In one of his previous groups of paintings, the artist created visuals of art materials, such as paper, coloured pencil, charcoal, crayon and tube of oil paint etc., each made in the same material. Thus the pictorial matter and substance to fabricate it were in total harmony, reminding of Frank Stella’s famous quote: "Painting is what you see on the surface". Those works signify how the content and form can be combined in a seamless scheme.
In his recent works, this balance is twisted and turned. The seven works from his exhibition, Filling Greys (Nov 17-25, 2014 at Taseer Art Gallery, Lahore) introduces a change in our way of associating two types of ideas or images. Made like children’s drawings, each of these works has a simple title in Urdu or Punjabi; some of these translate into eye glasses, umbrella, car, snake and butterfly, written as if pronounced by a child. The manner of rendering these things as separate entities on a single sheet follows a child’s approach -- to see every object independently placed (a frame of thought that is viewed in the beginners’ drawing preferences by focusing on a single object, like a bottle, flowerpot, cup from the whole composition).

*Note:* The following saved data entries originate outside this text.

definition Dn_edge :: "nat \<Rightarrow> nat \<Rightarrow> nat \<Rightarrow> bool" where
  "Dn_edge n u v \<longleftrightarrow>
     {u, v} = {1, 3} \<or> {u, v} = {2, 3} \<or> (\<exists>i. 3 \<le> i \<and> i \<le> n - 1 \<and> {u, v} = {i, i + 1})"

(* Adjacency matrix of D_n; row/column index k (0-based) corresponds to vertex k+1. *)
definition Dn_adj :: "nat \<Rightarrow> int mat" where
  "Dn_adj n = mat n n (\<lambda>(i, j). if Dn_edge n (i + 1) (j + 1) then 1 else 0)"

definition walk_matrix :: "nat \<Rightarrow> int mat \<Rightarrow> int mat" where
  "walk_matrix n A = mat n n (\<lambda>(i, j). ((A ^\<^sub>m j) *\<^sub>v vec n (\<lambda>_. 1)) $ i)"

end

theory Submission
  imports Defs
begin

(* Let C_j be the polynomials with C_0 = 1, C_1 = x, C_2 = x^2 - 2 and C_(j+2) = x C_(j+1) - C_j.
   As C_j is monic of degree j, replacing the columns A^j e of W by C_j(A) e (and C_j(A) e by
   C_j(A) e - C_(n-1-j)(A) e for j >= n/2) is a unimodular column operation W V.  On D_n the vectors
   C_j(A) e have a closed form: C_(n-1)(A) e = 0, and C_j(A) e - C_(n-1-j)(A) e is twice a 0/1
   vector T_j.  Hence W V = P D with D the claimed diagonal matrix.  The columns of P are e, the
   vectors C_j(A) e for j < n/2, the vectors -T_j and a unit vector; every unit vector is an
   integer combination of them, so P is unimodular.  In this elimination the path indicators
   satisfy a recurrence of period 4 modulo the last unit vector, which is why 4 must not
   divide n. *)

lemma pow_mat_Suc_left: "A \<in> carrier_mat n n \<Longrightarrow> A ^\<^sub>m Suc k = A * A ^\<^sub>m k"
proof (induction k)
  case (Suc k)
  then have "A ^\<^sub>m Suc (Suc k) = (A * A ^\<^sub>m k) * A"
    by simp
  also have "\<dots> = A * (A ^\<^sub>m k * A)"
    using Suc.prems by (intro assoc_mult_mat) auto
  finally show ?case
    by simp
qed simp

However the work is not as simple as it appears at the first glance; mainly because Jokhio tilts and twists the objects and their links with other entities. The outline of a car contains the view of a roadside seen from a moving vehicle, shape of a clay utensil comprises sunset at the sea, the umbrella is composed of people walking in flood, while the form of a cloud and rain drop reveal the scene of a desert. In the same manner, the shape of glass has a portion of a printed paper (newspaper), the butterfly consists of a page from Garcia Marquez’s short story A Very Old Man with Enormous Wings, and the snake is constructed from a rope.
The link between two diverse items has been a favourite motif of Ayaz Jokhio, with his series of diptychs of bread with earth, pen and missile etc. In the present charcoals on paper, the micro contains the macro; a reversal of the normal order of things.
But not quite so. In our daily lives we often perform this task: sitting inside the aeroplane, through our prayers we try to hold and control the huge aircraft which in reality carries us. Through our small eyes, we look at the vast world. Situations observed by two Urdu poets. Iqbal says: ‘The whole sky is in the dot of my eyes’, and Sufi Tabassum in his children’s poetry proclaiming that: ‘stream is drowning in the boat’. Both verses, one philosophical and the other a playful rhyme, denote how the great poets switched the existing scenario to create a new reality/possibility.
In Ayaz Jokhio’s work, too, one senses the upsetting of ordinary scheme of things. It could be perceived as an unorthodox gesture. But, once prepared as a series of works which are conceived and created with a single frame of mind, even his change of artistic tactics seem like tame innovation, tried and tested several, rather seven, times.